▶ _TASK INSTRUCTIONS_
The expected output is the first line of the data below and every line after it, up to and including the line containing "A (imp A ?e", each reproduced exactly.

--- DATA FOR REVIEW Enclosed Below ---

lemma regularize_one: "regularize A (one A) = one A"
  unfolding regularize_def by (simp add: common_axioms_one_imp_imp_one[OF axioms] one_closed)

lemma imp_regularize:
  assumes "x \<in> carrier A" and "y \<in> carrier A"
  shows "imp A (regularize A x) (regularize A y) = imp A x y"
  using common_axioms_imp_decompose[OF axioms] assms
  by (simp add: regularize_closed pls_regularize mns_regularize)

lemma regularize_neg:
  assumes "x \<in> carrier A"
  shows "regularize A (neg A x) = neg A (regularize A x)"
proof -
  let ?e = "imp A (one A) (one A)"
  have e_closed: "?e \<in> carrier A"
    by (simp add: imp_closed one_closed)
  have "neg A ?e = ?e"
    by (simp add: common_axioms_neg_imp[OF axioms] one_closed)
  then have "neg A (imp A ?e x) = imp A ?e (neg A x)"
    using assms e_closed common_axioms_neg_imp[OF axioms] common_axioms_contrapos[OF axioms]
    by metis
  then show ?thesis
    unfolding regularize_def by simp
qed

lemma imp_self_imp_regularize:
  "x \<in> carrier A \<Longrightarrow> y \<in> carrier A \<Longrightarrow> imp A (imp A y y) (regularize A x) = regularize A x"
  unfolding regularize_def by (simp add: imp_self_imp_imp imp_closed one_closed)

lemma wajsberg_star_regular_part: "wajsberg_star (regular_part A)"
proof -
  let ?R = "regularize A ` carrier A"
  have R_sub: "?R \<subseteq> carrier A"
    using regularize_closed by blast
  have one_R: "one A \<in> ?R"
    using regularize_one one_closed by (metis image_eqI)
  have imp_R: "imp A x y \<in> ?R" if "x \<in> ?R" "y \<in> ?R" for x y
    using that R_sub regularize_imp imp_closed by (metis image_eqI subsetD)
  have neg_R: "neg A x \<in> ?R" if "x \<in> ?R" for x
  proof -
    obtain a where "a \<in> carrier A" and "x = regularize A a"
      using \<open>x \<in> ?R\<close> by blast
    then show ?thesis
      by (simp flip: regularize_neg add: neg_closed)
  qed
  have "common_axioms (carrier A) (imp A) (neg A)
      (\<lambda>x. imp A (imp A x (one A)) (one A))
      (\<lambda>x. imp A (imp A x (neg A (one A))) (neg A (one A))) (one A)"
    using axioms by (rule common_axioms_cong) (simp_all add: pls_eq mns_eq)
  then have "common_axioms ?R (imp A) (neg A)
      (\<lambda>x. imp A (imp A x (one A)) (one A))
      (\<lambda>x. imp A (imp A x (neg A (one A))) (neg A (one A))) (one A)"
    by (rule common_axioms_subalgebra) (simp_all add: R_sub one_R imp_R neg_R)
  moreover have "imp A (imp A y y) x = x" if "x \<in> ?R" "y \<in> ?R" for x y
    using that R_sub imp_self_imp_regularize by auto
  ultimately show ?thesis
    unfolding wajsberg_star_def by (simp add: regular_part_def)
qed

lemmas eval_closed_carrier = eval_closed[OF one_closed imp_closed neg_closed]

lemma eval_regularize:
  assumes "\<And>p. v p \<in> carrier A"
  shows "eval A (regularize A \<circ> v) t = regularize A (eval A v t)"
  by (induction t)
    (simp_all add: assms eval_closed_carrier imp_regularize regularize_imp regularize_neg
      regularize_one)

lemma regularize_eval_regular:
  assumes "\<And>p. v p \<in> carrier A" and "regular t"
  shows "regularize A (eval A v t) = eval A v t"
  using assms(2)
  by (induction t)
    (simp_all add: assms(1) eval_closed_carrier regularize_imp regularize_neg regularize_one)

lemma holds_in_regular_part:
  assumes "regular s" and "regular t" and "holds_in (regular_part A) s t"
  shows "holds_in A s t"
  unfolding holds_in_def
proof (intro allI impI)
  fix v :: "nat \<Rightarrow> 'a"
  assume "\<forall>p. v p \<in> carrier A"
  then have v: "\<And>p. v p \<in> carrier A" by blast
  have "eval (regular_part A) (regularize A \<circ> v) s = eval (regular_part A) (regularize A \<circ> v) t"
    using assms(3) v unfolding holds_in_def by (simp add: regular_part_def)
  moreover have "eval (regular_part A) w u = eval A w u" for w u
    by (rule eval_cong) (simp_all add: regular_part_def)
  ultimately have "regularize A (eval A v s) = regularize A (eval A v t)"
    by (simp add: eval_regularize v)
  then show "eval A v s = eval A v t"
    by (simp add: regularize_eval_regular v assms(1,2))
qed

end

theorem proposition3p7:
  fixes t1 t2 :: trm
  assumes "regular t1" and "regular t2"
  shows "(\<forall>A :: 'a qw_alg. strong_quasi_wajsberg_star A \<longrightarrow> holds_in A t1 t2) \<longleftrightarrow>
         (\<forall>M :: 'a wstar_alg. wajsberg_star M \<longrightarrow> holds_in M t1 t2)"
proof
  assume "\<forall>A :: 'a qw_alg. strong_quasi_wajsberg_star A \<longrightarrow> holds_in A t1 t2"
  then show "\<forall>M :: 'a wstar_alg. wajsberg_star M \<longrightarrow> holds_in M t1 t2"
    using strong_quasi_wajsberg_star_qw_of_wstar holds_in_qw_of_wstar by blast
next
  assume W: "\<forall>M :: 'a wstar_alg. wajsberg_star M \<longrightarrow> holds_in M t1 t2"
  show "\<forall>A :: 'a qw_alg. strong_quasi_wajsberg_star A \<longrightarrow> holds_in A t1 t2"
  proof (intro allI impI)
    fix A :: "'a qw_alg"
    assume "strong_quasi_wajsberg_star A"
    then interpret strong_quasi_wajsberg_star_algebra A
      by unfold_locales
    show "holds_in A t1 t2"
      using W wajsberg_star_regular_part holds_in_regular_part assms by blast
  qed
qed

end
lemma (in prob_space) exponential_Markov_PiM_sum:
  fixes Z :: "'a \<Rightarrow> real"
  assumes "finite I" and [measurable]: "Z \<in> borel_measurable M"
    and "integrable M (\<lambda>\<xi>. exp (t * Z \<xi>))" and "0 \<le> t"
  shows "measure (PiM I (\<lambda>_. M)) {\<omega> \<in> space (PiM I (\<lambda>_. M)). s \<le> (\<Sum>i\<in>I. Z (\<omega> i))}
    \<le> expectation (\<lambda>\<xi>. exp (t * Z \<xi>)) ^ card I / exp (t * s)"
proof -
  let ?P = "PiM I (\<lambda>_. M)"
  interpret P: prob_space ?P by (intro prob_space_PiM prob_space_axioms)
  interpret product_sigma_finite "\<lambda>_. M"
    by (simp add: product_sigma_finite_def sigma_finite_measure_axioms)
  define u where "u \<omega> = (\<Prod>i\<in>I. exp (t * Z (\<omega> i)))" for \<omega>
  have u_int: "integrable ?P u"
    unfolding u_def using assms by (intro product_integrable_prod) auto
  have u_nonneg: "AE \<omega> in ?P. 0 \<le> u \<omega>" by (simp add: u_def prod_nonneg)
  have "{\<omega> \<in> space ?P. s \<le> (\<Sum>i\<in>I. Z (\<omega> i))} \<subseteq> {\<omega> \<in> space ?P. exp (t * s) \<le> u \<omega>}"
  proof safe
    fix \<omega> assume "s \<le> (\<Sum>i\<in>I. Z (\<omega> i))"
    then have "exp (t * s) \<le> exp (t * (\<Sum>i\<in>I. Z (\<omega> i)))"
      using \<open>0 \<le> t\<close> by (simp add: mult_left_mono)
    also have "\<dots> = u \<omega>"
      by (simp add: u_def sum_distrib_left exp_sum[OF \<open>finite I\<close>])
    finally show "exp (t * s) \<le> u \<omega>" .
  qed
  then have "measure ?P {\<omega> \<in> space ?P. s \<le> (\<Sum>i\<in>I. Z (\<omega> i))}
      \<le> measure ?P {\<omega> \<in> space ?P. exp (t * s) \<le> u \<omega>}"
    using u_int by (intro P.finite_measure_mono) auto
  also have "\<dots> \<le> (\<integral>\<omega>. u \<omega> \<partial>?P) / exp (t * s)"
    by (rule integral_Markov_inequality_measure[OF u_int _ u_nonneg]) auto
  also have "(\<integral>\<omega>. u \<omega> \<partial>?P) = expectation (\<lambda>\<xi>. exp (t * Z \<xi>)) ^ card I"
    unfolding u_def using assms by (subst product_integral_prod) auto
  finally show ?thesis .
qed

--- End of Enclosed DATA FOR REVIEW ---

▶ _EXERCISE RESULT_
lemma regularize_one: "regularize A (one A) = one A"
  unfolding regularize_def by (simp add: common_axioms_one_imp_imp_one[OF axioms] one_closed)

lemma imp_regularize:
  assumes "x \<in> carrier A" and "y \<in> carrier A"
  shows "imp A (regularize A x) (regularize A y) = imp A x y"
  using common_axioms_imp_decompose[OF axioms] assms
  by (simp add: regularize_closed pls_regularize mns_regularize)

lemma regularize_neg:
  assumes "x \<in> carrier A"
  shows "regularize A (neg A x) = neg A (regularize A x)"
proof -
  let ?e = "imp A (one A) (one A)"
  have e_closed: "?e \<in> carrier A"
    by (simp add: imp_closed one_closed)
  have "neg A ?e = ?e"
    by (simp add: common_axioms_neg_imp[OF axioms] one_closed)
  then have "neg A (imp A ?e x) = imp A ?e (neg A x)"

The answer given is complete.